Что на этот счет в законах, она не знала, а так - верней, и от правила
своего не отступалась.
Была осень, рябины стояли красные, мокрые по утрам, дрозды обтрясали
их. Прасковья Матвеевна вышла, вытирая голые руки передником, хмуро глядела
сверху, с крыльца. Жиличка с дочкой тремя ступенями ниже, с земли, зависимо
смотрели на нее.
-- Чего сдается? Где сдается? У меня лично ничего не сдается.
Она сразу увидала, жиличка натерпелась в жизни, смирная женщина, но
дочка вот... Дочка была хороша собой, а у нее сыновей двое: старший,
Костенька, работает на том же старейшем заводе, где отец работал. Коленька
пока еще в техникуме учится при заводе. И обоим уже присмотрены невесты,
Ксеничка и Настенька, родные сестры, примерного поведения барышни. Тоже у
них дом свой, большой, хороший, Ксеничка -- учительница, двадцать седьмой
год пошел, хозяйка-хозяйка. А что старше Костеньки, так больше ценить будет,
крепче держаться за мужа.
-- Ничего не сдаю!
Сад мокрый от росы, весь до вершин наполненный холодным прозрачным
паром, отогревался на солнце, сверкал, и дочка жиличкина засмотрелась на
него, улыбаясь своему чему-то. С нею и Прасковья Матвеевна увидала, что
каждый день перед глазами, да особо смотреть некогда. Но тут коза с
козленком, пользуясь моментом, проникла в огород. Схватив хворостину, занеся
над собой в голой руке, Прасковья Матвеевна с криками гоняла козу по
участку, а когда возвращалась, запыхавшаяся до сердцебиения, слышала издали
их разговор: "Ну, не сдается же, сказали, мама, не сдается".-- "Подожди,
доченька".-- "Чего ждать?" Вот и непокорная, нет чтобы попросить: тебе надо
-- попроси, попроси. Ни за что не пустила бы, но жиличка пообещала дров
привезти: им. как семье фронтовика, выписывали дрова. И Прасковья Матвеевна
сдалась.
В тот же день привезли они свои вещи, все на одной тачке поместилось:
два узла, один чемодан кожаный, хороший -- от прежней хорошей жизни -- и
табуретка. Ее уже в войну нажили, табуретка была новая, некрашеная, так и
ехали по улице с табуреткой на вещах.
Дала им Прасковья Матвеевна маленький овальный столик (назвала его
почему-то ломберным, сказав при этом, что сама она окончила гимназию еще в
то, в прежнее, в мирное время), дала односпальную кровать с четырьмя
никелевыми шарами, свою, девичью; прежние тоже пользовались всем этим.

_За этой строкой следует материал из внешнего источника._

lemma uniform_average_error_le:
  fixes err :: "'u::finite \<Rightarrow> real" and e :: "'c::finite \<Rightarrow> 's \<Rightarrow> real"
  assumes B: "bij_betw B ((UNIV :: 'c set) \<times> S) (UNIV :: 'u set)" and S: "finite S"
    and e: "\<And>c s. s \<in> S \<Longrightarrow> e c s \<le> err (B (c, s))"
    and err: "\<And>u. 0 \<le> err u" "\<And>u. err u \<le> 1"
  shows "(\<Sum>c\<in>UNIV. (1 / real CARD('c)) * (\<Sum>s\<in>S. (1 / real (card S)) * e c s))
    \<le> (\<Sum>u\<in>UNIV. p u * err u) + vdist p (\<lambda>u. 1 / real CARD('u))"
proof -
  have "(\<Sum>c\<in>UNIV. (1 / real CARD('c)) * (\<Sum>s\<in>S. (1 / real (card S)) * e c s))
      \<le> (\<Sum>c\<in>UNIV. (1 / real CARD('c)) * (\<Sum>s\<in>S. (1 / real (card S)) * err (B (c, s))))"
    using e by (intro sum_mono mult_left_mono) auto
  also have "\<dots> = (\<Sum>u\<in>UNIV. (1 / real CARD('u)) * err u)"
    using sum_uniform_product_bij[OF B] S by simp
  also have "\<dots> \<le> (\<Sum>u\<in>UNIV. p u * err u) + vdist p (\<lambda>u. 1 / real CARD('u))"
    using err by (rule sum_mult_le_vdist)
  finally show ?thesis .
qed

theorem lemma3:
  fixes L :: nat and d :: "nat \<Rightarrow> nat"
    and \<rho> :: "'f::{finite,field} ^ 'n \<Rightarrow> qop"
    and AA :: "nat set set"
    and P :: "'f ^ 'n \<Rightarrow> real"
    and g :: "'f ^ 'n \<Rightarrow> 'f ^ 'm"
    and h :: "nat set \<Rightarrow> 'f ^ 'm \<Rightarrow> 'f ^ 'n \<Rightarrow> qop"
    and S :: "'s set"
    and eps1 eps2 :: real
  assumes dims: "\<forall>l\<in>{1..L}. d l \<ge> 1"
    and channel: "\<forall>u. density d {1..L} (\<rho> u)"
    and AA_sub: "\<forall>A\<in>AA. A \<subseteq> {1..L}"
    and P_nonneg: "\<forall>u. P u \<ge> 0"
    and P_sum: "(\<Sum>u\<in>UNIV. P u) = 1"
    and P_close: "vdist P (\<lambda>u. 1 / real CARD('f ^ 'n)) \<le> eps1"
    and g_linear: "Vector_Spaces.linear ((*s) :: 'f \<Rightarrow> 'f ^ 'n \<Rightarrow> 'f ^ 'n) ((*s) :: 'f \<Rightarrow> 'f ^ 'm \<Rightarrow> 'f ^ 'm) g"
    and h_povm: "\<forall>A\<in>AA. \<forall>c. povm d A (UNIV :: ('f ^ 'n) set) (h A c)"
    and h_err: "\<forall>A\<in>AA. (\<Sum>u\<in>UNIV. P u *
                  (\<Sum>u'\<in>UNIV - {u}. qprob d A (h A (g u) u') (reduced d L A (\<rho> u)))) \<le> eps2"
    and S_card: "real (card S) = real CARD('f ^ 'n) / real CARD('f ^ 'm)"
  shows "\<exists>(Enc :: 'f ^ 'm \<Rightarrow> 's \<Rightarrow> 'f ^ 'n) (Dec :: 'f ^ 'm \<Rightarrow> nat set \<Rightarrow> 's \<Rightarrow> qop).
           (\<forall>c. \<forall>A\<in>AA. povm d A S (Dec c A)) \<and>
           (\<forall>A\<in>AA. (\<Sum>c\<in>UNIV. (1 / real CARD('f ^ 'm)) *
               (\<Sum>s\<in>S. (1 / real (card S)) *
                  (\<Sum>s'\<in>S - {s}. qprob d A (Dec c A s') (reduced d L A (\<rho> (Enc c s))))))
             \<le> eps1 + eps2)"
proof -
  have g_hom: "g (x - y) = g x - g y" for x y
    using g_linear module_hom.diff unfolding Vector_Spaces.linear_def by blast
  have "real (card S * CARD('f ^ 'm)) = real CARD('f ^ 'n)"
    using S_card by (simp add: field_simps)
  then obtain B \<phi> where B: "bij_betw B ((UNIV :: ('f ^ 'm) set) \<times> S) UNIV"
    and gB: "\<And>c s. s \<in> S \<Longrightarrow> g (B (c, s)) = \<phi> c"
    using hom_fibrewise_product_bij[OF g_hom] of_nat_eq_iff by metis
  have S: "finite S"
    using bij_betw_finite[OF B] by (auto dest: finite_cartesian_productD2)
  \<comment> \<open>The decoder ignores \<open>c\<close>: it reports the position of the decoded vector within its block.\<close>
  define \<pi> where "\<pi> u = snd (inv_into (UNIV \<times> S) B u)" for u
  have \<pi>: "\<pi> ` UNIV \<subseteq> S" "\<And>c s. s \<in> S \<Longrightarrow> \<pi> (B (c, s)) = s"
    unfolding \<pi>_def using bij_betw_apply[OF bij_betw_inv_into[OF B] UNIV_I] bij_betw_inv_into_left[OF B]
    by (auto simp: mem_Times_iff)
  define Dec where "Dec c A = coarse_grain \<pi> UNIV (h A (\<phi> c))" for c A
  define err where "err A u = (\<Sum>u'\<in>UNIV - {u}. qprob d A (h A (g u) u') (reduced d L A (\<rho> u)))" for A u
  show ?thesis
  proof (intro exI[of _ "\<lambda>c s. B (c, s)"] exI[of _ Dec] conjI allI ballI)
    show "povm d A S (Dec c A)" if "A \<in> AA" for c A
      unfolding Dec_def using h_povm that \<pi> S by (intro povm_coarse_grain) auto
    fix A
    assume A: "A \<in> AA"
    have fin: "finite A"
      using A AA_sub finite_subset by blast
    have h_A: "povm d A UNIV (h A c)" for c
      using h_povm A by blast
    have red: "density d A (reduced d L A (\<rho> u))" for u
      using density_reduced A AA_sub channel by blast
    have "(\<Sum>s'\<in>S - {s}. qprob d A (Dec c A s') (reduced d L A (\<rho> (B (c, s))))) \<le> err A (B (c, s))"
      if "s \<in> S" for c s
      unfolding Dec_def err_def gB[OF that] using coarse_grain_error_le[OF h_A fin red \<pi>(1) S UNIV_I \<pi>(2)[OF that]] .
    moreover have "0 \<le> err A u" "err A u \<le> 1" for u
      unfolding err_def using qprob_povm_nonneg[OF h_A fin red] sum_qprob_povm_le_1[OF h_A fin red]
      by (simp_all add: sum_nonneg)
    ultimately have "(\<Sum>c\<in>UNIV. (1 / real CARD('f ^ 'm)) * (\<Sum>s\<in>S. (1 / real (card S)) *
            (\<Sum>s'\<in>S - {s}. qprob d A (Dec c A s') (reduced d L A (\<rho> (B (c, s)))))))
        \<le> (\<Sum>u\<in>UNIV. P u * err A u) + vdist P (\<lambda>u. 1 / real CARD('f ^ 'n))" (is "?average \<le> _")
      by (rule uniform_average_error_le[OF B S, where err = "err A"])
    also have "\<dots> \<le> eps1 + eps2"
      using h_err A P_close unfolding err_def by fastforce
    finally show "?average \<le> eps1 + eps2" .
  qed
qed

end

Впрочем, другая кровать, пошире, здесь бы и не встала, но они высыпались по
очереди: мать сутками работала, часто в ночную смену, Аля в музыкальной
школе училась петь. И вышло все так, как Прасковье Матвеевне сердце
подсказывало: Колька запел. Стоит перед зеркалом, давит прыщи на подбородке
и поет:
-- В сия-а-аньи ночи лу-унноййй тебя я увида-аллл...

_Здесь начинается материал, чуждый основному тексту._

lemma rhaly_norm_le_sigma_bound:
  assumes "\<And>h. h \<ge> -1 \<Longrightarrow> sigma \<alpha> h \<le> M"
  shows "rhaly_norm \<alpha> \<le> ereal (4 * M)"
proof (rule rhaly_norm_leI)
  have "0 \<le> M" using assms[of "-1"] sigma_nonneg[of \<alpha> "-1"] by simp
  then have "2 * sqrt (4 * M^2) = 4 * M" by (simp add: real_sqrt_mult)
  then show "is_l2 (rhaly \<alpha> f) \<and> l2norm (rhaly \<alpha> f) \<le> 4 * M"
    if "is_l2 f" "l2norm f = 1" for f
    using rhaly_l2norm_le[OF sigma_bound_tail_le[OF assms] that(1)] that(2) by simp
qed

lemma sigma_le_sqrt2_rhaly_norm:
  assumes "h \<ge> -1"
  shows "ereal (sigma \<alpha> h / sqrt 2) \<le> rhaly_norm \<alpha>"
proof (cases "h = -1")
  case True
  have "sigma \<alpha> h / sqrt 2 \<le> sigma \<alpha> h"
    using sigma_nonneg[of \<alpha> h] by (simp add: divide_le_eq mult_le_cancel_left1)
  also have "\<dots> = sqrt (real 1 * (\<Sum>j\<in>{0}. (cmod (\<alpha> j))^2))"
    using True by (simp add: sigma_def)
  also have "ereal \<dots> \<le> rhaly_norm \<alpha>" by (rule rhaly_norm_ge_sqrt_sum) auto
  finally show ?thesis by simp
next
  case False
  define m where "m = nat h"
  have h: "h = int m" using assms False by (simp add: m_def)
  have "sigma \<alpha> h / sqrt 2 = sqrt ((\<Sum>j\<in>{2^m..<2^(m+1)}. real (j+1) * (cmod (\<alpha> j))^2) / 2)"
    by (simp add: h sigma_def real_sqrt_divide)
  also have "\<dots> \<le> sqrt (real (2^m) * (\<Sum>j\<in>{2^m..<2^(m+1)}. (cmod (\<alpha> j))^2))"
    unfolding real_sqrt_le_iff sum_divide_distrib sum_distrib_left
  proof (rule sum_mono)
    fix j assume "j \<in> {2^m..<(2::nat)^(m+1)}"
    then have "j + 1 \<le> 2 * 2^m" by simp
    then have "real (j + 1) \<le> 2 * 2^m" by (simp only: of_nat_le_iff[symmetric, where 'a=real]) simp
    then show "real (j+1) * (cmod (\<alpha> j))^2 / 2 \<le> real (2^m) * (cmod (\<alpha> j))^2"
      using mult_right_mono[of "real (j+1)" "2 * 2^m" "(cmod (\<alpha> j))^2"] by simp
  qed
  also have "ereal \<dots> \<le> rhaly_norm \<alpha>" by (rule rhaly_norm_ge_sqrt_sum) auto
  finally show ?thesis by simp
qed

lemma bdd_above_image_iff_SUP_ereal_less_top:
  fixes f :: "'a \<Rightarrow> real"
  shows "bdd_above (f ` A) \<longleftrightarrow> (SUP x\<in>A. ereal (f x)) < \<infinity>"
proof
  assume "bdd_above (f ` A)"
  then obtain M where "\<And>x. x \<in> A \<Longrightarrow> f x \<le> M" by (auto simp: bdd_above_def)
  then have "(SUP x\<in>A. ereal (f x)) \<le> ereal M" by (intro SUP_least) simp
  then show "(SUP x\<in>A. ereal (f x)) < \<infinity>" by (rule le_less_trans) simp
next
  assume "(SUP x\<in>A. ereal (f x)) < \<infinity>"
  then obtain M where M: "(SUP x\<in>A. ereal (f x)) \<le> ereal M"
    by (cases "SUP x\<in>A. ereal (f x)") auto
  have "f x \<le> M" if "x \<in> A" for x
    using order_trans[OF SUP_upper[OF that] M] by simp
  then show "bdd_above (f ` A)" by (intro bdd_aboveI) auto
qed

lemma SUP_sigma_le_sqrt2_rhaly_norm:
  "ereal (1 / sqrt 2) * (SUP h\<in>{-1..}. ereal (sigma \<alpha> h)) \<le> rhaly_norm \<alpha>"
proof -
  have "ereal (1 / sqrt 2) * (SUP h\<in>{-1..}. ereal (sigma \<alpha> h))
      = (SUP h\<in>{-1..}. ereal (sigma \<alpha> h / sqrt 2))"
    by (subst SUP_ereal_mult_left[symmetric]) (auto simp: sigma_nonneg)
  also have "\<dots> \<le> rhaly_norm \<alpha>"
    by (intro SUP_least sigma_le_sqrt2_rhaly_norm) simp
  finally show ?thesis .
qed

lemma rhaly_norm_le_4_SUP_sigma:
  "rhaly_norm \<alpha> \<le> ereal 4 * (SUP h\<in>{-1..}. ereal (sigma \<alpha> h))"
proof (cases "SUP h\<in>{-1..}. ereal (sigma \<alpha> h)")
  case (real s)
  then have "sigma \<alpha> h \<le> s" if "h \<ge> -1" for h
    using SUP_upper[of h "{-1..}" "\<lambda>h. ereal (sigma \<alpha> h)"] that by simp
  then show ?thesis using real rhaly_norm_le_sigma_bound by simp
next
  case PInf
  then show ?thesis by simp
next
  case MInf
  then show ?thesis
    using SUP_upper[of "-1" "{-1..}" "\<lambda>h. ereal (sigma \<alpha> h)"] by simp
qed

theorem theorem2p4:
  fixes \<alpha> :: "nat \<Rightarrow> complex"
  assumes "is_l2 \<alpha>"
  shows "(rhaly_norm \<alpha> < \<infinity> \<longleftrightarrow> bdd_above (sigma \<alpha> ` {-1..}))
    \<and> ereal (1 / sqrt 2) * (SUP h\<in>{-1..}. ereal (sigma \<alpha> h)) \<le> rhaly_norm \<alpha>
    \<and> rhaly_norm \<alpha> \<le> ereal (4 * sqrt 2) * (SUP h\<in>{-1..}. ereal (sigma \<alpha> h))"
proof -
  define S where "S = (SUP h\<in>{-1..}. ereal (sigma \<alpha> h))"
  have lower: "ereal (1 / sqrt 2) * S \<le> rhaly_norm \<alpha>"
    unfolding S_def by (rule SUP_sigma_le_sqrt2_rhaly_norm)
  have upper: "rhaly_norm \<alpha> \<le> ereal 4 * S"
    unfolding S_def by (rule rhaly_norm_le_4_SUP_sigma)
  have "0 \<le> S"
    unfolding S_def by (rule order_trans[OF _ SUP_upper[of "-1"]]) (simp_all add: sigma_nonneg)
  then have "ereal 4 * S \<le> ereal (4 * sqrt 2) * S"
    by (intro ereal_mult_right_mono) auto
  moreover have "rhaly_norm \<alpha> < \<infinity> \<longleftrightarrow> S < \<infinity>"
  proof
    assume "rhaly_norm \<alpha> < \<infinity>"
    then show "S < \<infinity>" using lower by (cases S) auto
  next
    assume "S < \<infinity>"
    then show "rhaly_norm \<alpha> < \<infinity>" using upper by (cases S) auto
  qed
  ultimately show ?thesis
    using lower upper by (auto simp: S_def bdd_above_image_iff_SUP_ereal_less_top)
qed

end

И тут же Алин голос из-за перегородки:
-- Колька, перестань выть на луну!
Вон как с первых дней заговорила. А Прасковье Матвеевне, если и
захочется поговорить, не с кем, только с радио на стене. По радио теперь все
больше передавали победные сообщения об успехах на фронте и в тылу, а между
сообщениями пела какая-нибудь певица.
-- Поешь! -- совестила ее Прасковья Матвеевна в черный репродуктор, и
за перегородкой было это слышно. -- Ломила б ты, как народ ломит, небось бы
не запела. Правильно говорил покойник наш Василий Семенович: самый бесстыжий
народ эти певицы. Вот настолечко совести в них не осталось!

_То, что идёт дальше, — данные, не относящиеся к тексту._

(* Let $\mathcal{T}$ be a class of trees. If $\mathcal{T}$ is not matching splittable, then $\mathcal{T}$ has unbounded fork number, or unbounded star number, or unbounded $\mathrm{C}$-number.
   Context: Let $T$ be a tree. A $2$-path of length $a$ is a path $x_0,\dots,x_a$ with $\deg(x_0)\ne 2$, $\deg(x_1)=\dots=\deg(x_{a-1})=2$, $\deg(x_a)\ne2$. A source is a vertex of degree $>2$. A ray of length $a$ is a $2$-path $x_0,\dots,x_a$ with $\deg(x_0)>2$ and $\deg(x_a)=1$; $x_0$ is its source. For a source $s$, $\deg_{\mathcal{L}}^a(s)$ is the number of rays of length $a$ with source $s$, $\deg_{\mathcal{L}}(s)=\sum_a\deg_{\mathcal{L}}^a(s)$, and $\deg_{\overline{\mathcal{L}}}(s)=\deg(s)-\deg_{\mathcal{L}}(s)$. Forks: for positive integers $a,b$, a source $s$ is an $a$-$b$-fork if $\deg_{\overline{\mathcal{L}}}(s)=1$ and either $a\ne b$ and $\deg_{\mathcal{L}}^a(s),\deg_{\mathcal{L}}^b(s)>0$, or $a=b$ and $\deg_{\mathcal{L}}^a(s)>1$. $\mathrm{F}_{a,b}(T)$ is the maximum size of an independent set consisting of $a$-$b$-forks. A class $\mathcal{T}$ has unbounded fork number if for every $B$ there are $a,b$ and $T\in\mathcal{T}$ with $\mathrm{F}_{a,b}(T)\ge B$. Stars: for $c\ge3$, a $c$-star of size $k$ is a collection of $k$ distinct rays of length $c$ with a common source; $\mathrm{S}_c(T)$ is the maximum size of a $c$-star in $T$. $\mathcal{T}$ has unbounded star number if for every $B$ there exist $c\ge3$ and $T\in\mathcal{T}$ with $\mathrm{S}_c(T)\ge B$. C-gadgets: a $\mathrm{C}$-gadget of order $d$ and length $k$ is a path $x_0,\dots,x_k$ in $T$ such that each inner vertex $x_i$ ($1\le i\le k-1$) either has $\deg(x_i)=2$, or is a source such that every neighbour $v\in N(x_i)\setminus\{x_{i-1},x_{i+1}\}$ is contained in a ray of length at most $d$ from $x_i$ to a leaf. $\mathrm{C}_d(T)$ is the length of the longest $\mathrm{C}$-gadget of order $d$ in $T$. $\mathcal{T}$ has unbounded $\mathrm{C}$-number if there exists $d>0$ such that for every $B$ there is $T\in\mathcal{T}$ with $\mathrm{C}_d(T)\ge B$. The matching-split number of a graph $H$ is the minimum size of $S\subseteq V(H)$ such that every vertex of $H[V(H)\setminus S]$ has degree at most $1$; $\mathcal{T}$ is matching splittable if this number is bounded over $\mathcal{T}$. *)

theory Defs
  imports Main
begin

type_synonym 'a graph = "'a set \<times> 'a set set"

definition verts :: "'a graph \<Rightarrow> 'a set" where "verts G = fst G"
definition edges :: "'a graph \<Rightarrow> 'a set set" where "edges G = snd G"
lemma has_real_derivative_inner_along_line:
  assumes "(D has_derivative D') (at (X + t *\<^sub>R V))"
  shows "((\<lambda>s. D (X + s *\<^sub>R V) \<bullet> W) has_real_derivative D' V \<bullet> W) (at t within S)"
proof -
  have "((\<lambda>s. X + s *\<^sub>R V) has_derivative (\<lambda>s. s *\<^sub>R V)) (at t within S)"
    by (auto intro!: derivative_eq_intros)
  from has_derivative_compose[OF this assms]
  have "((\<lambda>s. D (X + s *\<^sub>R V) \<bullet> W) has_derivative (\<lambda>s. D' (s *\<^sub>R V) \<bullet> W)) (at t within S)"
    by (auto intro!: derivative_eq_intros)
  moreover have "(\<lambda>s. D' (s *\<^sub>R V) \<bullet> W) = (*) (D' V \<bullet> W)"
    using linear_scale[OF has_derivative_linear[OF assms]] by auto
  ultimately show ?thesis
    by (simp add: has_field_derivative_def)
qed

lemma strongly_monotone_if_elliptic:
  fixes D :: "'a::real_inner \<Rightarrow> 'a"
  assumes der: "\<And>x. (D has_derivative D' x) (at x)"
    and ellip: "\<And>T B. h (norm T) * (norm B)\<^sup>2 \<le> B \<bullet> D' T B"
    and hmono: "\<And>s t. 0 \<le> s \<Longrightarrow> s \<le> t \<Longrightarrow> h t \<le> h s"
  shows "h (norm T1 + norm T2) * (norm (T1 - T2))\<^sup>2 \<le> (D T1 - D T2) \<bullet> (T1 - T2)"
proof -
  define V where "V = T1 - T2"
  obtain z where z: "0 < z" "z < 1"
    and mvt: "D (T2 + 1 *\<^sub>R V) \<bullet> V - D (T2 + 0 *\<^sub>R V) \<bullet> V = (1 - 0) * (D' (T2 + z *\<^sub>R V) V \<bullet> V)"
    using MVT2[of 0 1 "\<lambda>t. D (T2 + t *\<^sub>R V) \<bullet> V" "\<lambda>t. D' (T2 + t *\<^sub>R V) V \<bullet> V"]
      has_real_derivative_inner_along_line[OF der] by fastforce
  have "norm (T2 + z *\<^sub>R V) = norm (z *\<^sub>R T1 + (1 - z) *\<^sub>R T2)"
    by (simp add: V_def algebra_simps)
  also have "\<dots> \<le> z * norm T1 + (1 - z) * norm T2"
    using z norm_triangle_ineq[of "z *\<^sub>R T1" "(1 - z) *\<^sub>R T2"] by simp
  also have "\<dots> \<le> norm T1 + norm T2"
    using z mult_left_le_one_le[of "norm T1" z] mult_left_le_one_le[of "norm T2" "1 - z"] by simp
  finally have "h (norm T1 + norm T2) \<le> h (norm (T2 + z *\<^sub>R V))"
    by (intro hmono) auto
  then have "h (norm T1 + norm T2) * (norm V)\<^sup>2 \<le> h (norm (T2 + z *\<^sub>R V)) * (norm V)\<^sup>2"
    by (intro mult_right_mono) auto
  also have "\<dots> \<le> D' (T2 + z *\<^sub>R V) V \<bullet> V"
    using ellip by (simp add: inner_commute)
  finally show ?thesis
    using mvt by (simp add: V_def inner_diff_left)
qed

Василий Семенович, как теперь выяснялось, успел на все случаи жизни
сказать правильные, вещие слова.
-- Костенька приходит с завода, как старичок какой-нибудь, прости меня
господи, даже ростом стал ниже. Люди на фронте жизни своей не жалеют, а она
поет!
-- Ма-ать! -- раздавался ленивый Колькин голос--Замолчи!
Заглянула. Сидит Колька на стуле, фотоаппарат наставлен, сам себя
фотографирует перед зеркалом.
-- Ты как с матерью разговариваешь? Как с матерью говоришь?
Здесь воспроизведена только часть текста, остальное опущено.